Available records: Begin

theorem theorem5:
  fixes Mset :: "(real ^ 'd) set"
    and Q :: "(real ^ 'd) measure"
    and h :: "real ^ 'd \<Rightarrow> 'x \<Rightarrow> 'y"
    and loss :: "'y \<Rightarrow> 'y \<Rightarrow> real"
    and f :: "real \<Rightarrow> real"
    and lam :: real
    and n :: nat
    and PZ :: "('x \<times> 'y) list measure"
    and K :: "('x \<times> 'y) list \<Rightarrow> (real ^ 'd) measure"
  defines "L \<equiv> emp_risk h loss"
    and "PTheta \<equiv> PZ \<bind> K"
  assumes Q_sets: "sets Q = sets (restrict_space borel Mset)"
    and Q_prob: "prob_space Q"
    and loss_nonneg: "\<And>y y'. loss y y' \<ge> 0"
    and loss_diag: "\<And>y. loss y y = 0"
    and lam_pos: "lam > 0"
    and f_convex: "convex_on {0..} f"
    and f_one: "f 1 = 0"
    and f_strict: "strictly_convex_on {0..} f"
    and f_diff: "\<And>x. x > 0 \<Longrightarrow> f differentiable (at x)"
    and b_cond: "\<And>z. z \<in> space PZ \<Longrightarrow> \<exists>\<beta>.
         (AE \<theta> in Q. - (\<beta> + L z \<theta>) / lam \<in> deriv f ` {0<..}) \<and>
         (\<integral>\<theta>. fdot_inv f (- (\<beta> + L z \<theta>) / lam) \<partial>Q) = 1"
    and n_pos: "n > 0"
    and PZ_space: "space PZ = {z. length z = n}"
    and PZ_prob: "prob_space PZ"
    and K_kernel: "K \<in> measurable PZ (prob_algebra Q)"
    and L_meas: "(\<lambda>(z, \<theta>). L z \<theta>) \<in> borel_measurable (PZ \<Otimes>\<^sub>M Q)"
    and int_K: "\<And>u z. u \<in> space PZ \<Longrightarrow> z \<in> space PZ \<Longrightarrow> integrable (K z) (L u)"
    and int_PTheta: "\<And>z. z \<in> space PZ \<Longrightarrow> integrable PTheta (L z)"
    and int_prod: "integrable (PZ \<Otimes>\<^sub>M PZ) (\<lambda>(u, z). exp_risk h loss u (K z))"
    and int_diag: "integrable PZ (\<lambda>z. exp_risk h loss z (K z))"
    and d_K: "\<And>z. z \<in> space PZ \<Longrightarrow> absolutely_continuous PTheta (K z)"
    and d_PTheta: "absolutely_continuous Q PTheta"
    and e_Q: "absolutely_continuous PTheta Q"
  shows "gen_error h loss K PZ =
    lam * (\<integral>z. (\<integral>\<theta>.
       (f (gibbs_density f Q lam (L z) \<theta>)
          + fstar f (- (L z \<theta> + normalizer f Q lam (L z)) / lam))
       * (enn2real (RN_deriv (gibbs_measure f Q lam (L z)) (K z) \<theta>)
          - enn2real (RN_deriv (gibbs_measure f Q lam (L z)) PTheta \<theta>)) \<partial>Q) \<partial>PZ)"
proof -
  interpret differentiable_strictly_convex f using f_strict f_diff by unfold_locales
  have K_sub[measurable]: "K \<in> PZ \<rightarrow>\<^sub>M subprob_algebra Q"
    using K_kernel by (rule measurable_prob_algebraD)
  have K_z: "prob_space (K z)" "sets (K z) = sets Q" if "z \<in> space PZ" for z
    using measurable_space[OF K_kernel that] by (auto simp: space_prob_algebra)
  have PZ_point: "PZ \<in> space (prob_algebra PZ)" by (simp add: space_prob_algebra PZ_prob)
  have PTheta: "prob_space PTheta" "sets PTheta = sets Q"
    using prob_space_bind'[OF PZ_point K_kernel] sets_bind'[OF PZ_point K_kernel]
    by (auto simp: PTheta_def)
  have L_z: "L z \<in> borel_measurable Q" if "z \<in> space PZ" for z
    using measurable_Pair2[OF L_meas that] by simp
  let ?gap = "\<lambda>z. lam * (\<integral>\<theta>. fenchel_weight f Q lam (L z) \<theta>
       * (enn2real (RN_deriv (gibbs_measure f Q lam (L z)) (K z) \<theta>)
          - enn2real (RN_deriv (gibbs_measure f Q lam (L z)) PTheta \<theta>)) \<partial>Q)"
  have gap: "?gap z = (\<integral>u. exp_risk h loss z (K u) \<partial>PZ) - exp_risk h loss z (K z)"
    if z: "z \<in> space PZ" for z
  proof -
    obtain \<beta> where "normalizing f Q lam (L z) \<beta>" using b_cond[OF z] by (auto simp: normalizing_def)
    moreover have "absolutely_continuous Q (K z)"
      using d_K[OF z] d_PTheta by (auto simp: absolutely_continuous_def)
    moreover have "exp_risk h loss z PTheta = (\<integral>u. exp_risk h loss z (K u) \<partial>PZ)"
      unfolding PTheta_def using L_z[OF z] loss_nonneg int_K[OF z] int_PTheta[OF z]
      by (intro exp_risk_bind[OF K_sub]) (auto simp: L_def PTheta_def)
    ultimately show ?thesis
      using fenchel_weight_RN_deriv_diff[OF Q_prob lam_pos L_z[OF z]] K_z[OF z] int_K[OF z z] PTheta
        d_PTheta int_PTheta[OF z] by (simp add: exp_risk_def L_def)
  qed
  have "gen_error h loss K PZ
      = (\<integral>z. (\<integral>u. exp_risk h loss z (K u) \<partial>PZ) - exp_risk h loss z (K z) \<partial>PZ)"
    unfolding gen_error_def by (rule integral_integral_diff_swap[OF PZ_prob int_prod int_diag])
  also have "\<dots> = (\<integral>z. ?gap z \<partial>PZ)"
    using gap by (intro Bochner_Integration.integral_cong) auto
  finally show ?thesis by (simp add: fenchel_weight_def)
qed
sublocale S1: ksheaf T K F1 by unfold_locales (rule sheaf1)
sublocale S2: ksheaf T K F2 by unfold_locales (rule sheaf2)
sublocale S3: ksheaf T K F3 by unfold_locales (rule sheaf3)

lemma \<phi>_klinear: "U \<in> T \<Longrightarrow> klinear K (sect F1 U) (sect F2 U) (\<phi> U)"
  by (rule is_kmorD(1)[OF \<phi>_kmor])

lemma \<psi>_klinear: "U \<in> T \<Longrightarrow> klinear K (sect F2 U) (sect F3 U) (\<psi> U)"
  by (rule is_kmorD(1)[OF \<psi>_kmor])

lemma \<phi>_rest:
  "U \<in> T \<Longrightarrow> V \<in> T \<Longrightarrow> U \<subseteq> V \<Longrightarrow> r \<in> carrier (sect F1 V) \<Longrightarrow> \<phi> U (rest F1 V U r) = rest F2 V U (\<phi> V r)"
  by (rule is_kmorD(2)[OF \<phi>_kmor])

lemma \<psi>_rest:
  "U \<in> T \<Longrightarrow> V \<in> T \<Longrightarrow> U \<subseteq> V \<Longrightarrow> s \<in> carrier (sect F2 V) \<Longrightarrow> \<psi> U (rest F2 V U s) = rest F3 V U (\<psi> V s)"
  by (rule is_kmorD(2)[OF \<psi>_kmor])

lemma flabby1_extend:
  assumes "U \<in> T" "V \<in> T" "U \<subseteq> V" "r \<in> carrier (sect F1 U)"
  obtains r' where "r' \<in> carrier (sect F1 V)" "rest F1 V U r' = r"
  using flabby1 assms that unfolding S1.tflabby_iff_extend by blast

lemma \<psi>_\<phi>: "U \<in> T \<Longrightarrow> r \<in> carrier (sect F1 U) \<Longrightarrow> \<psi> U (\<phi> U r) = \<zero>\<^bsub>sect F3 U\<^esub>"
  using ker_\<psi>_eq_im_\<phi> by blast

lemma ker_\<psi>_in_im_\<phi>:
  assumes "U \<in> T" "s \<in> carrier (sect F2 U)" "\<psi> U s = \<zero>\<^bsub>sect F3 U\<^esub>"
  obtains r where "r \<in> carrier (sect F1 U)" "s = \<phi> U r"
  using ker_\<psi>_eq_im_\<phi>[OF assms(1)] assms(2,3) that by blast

Available records: End

> [Directions]: Scan the data for lines with the word "partial". Report only how many there are.

> [Solution for this exercise]: 7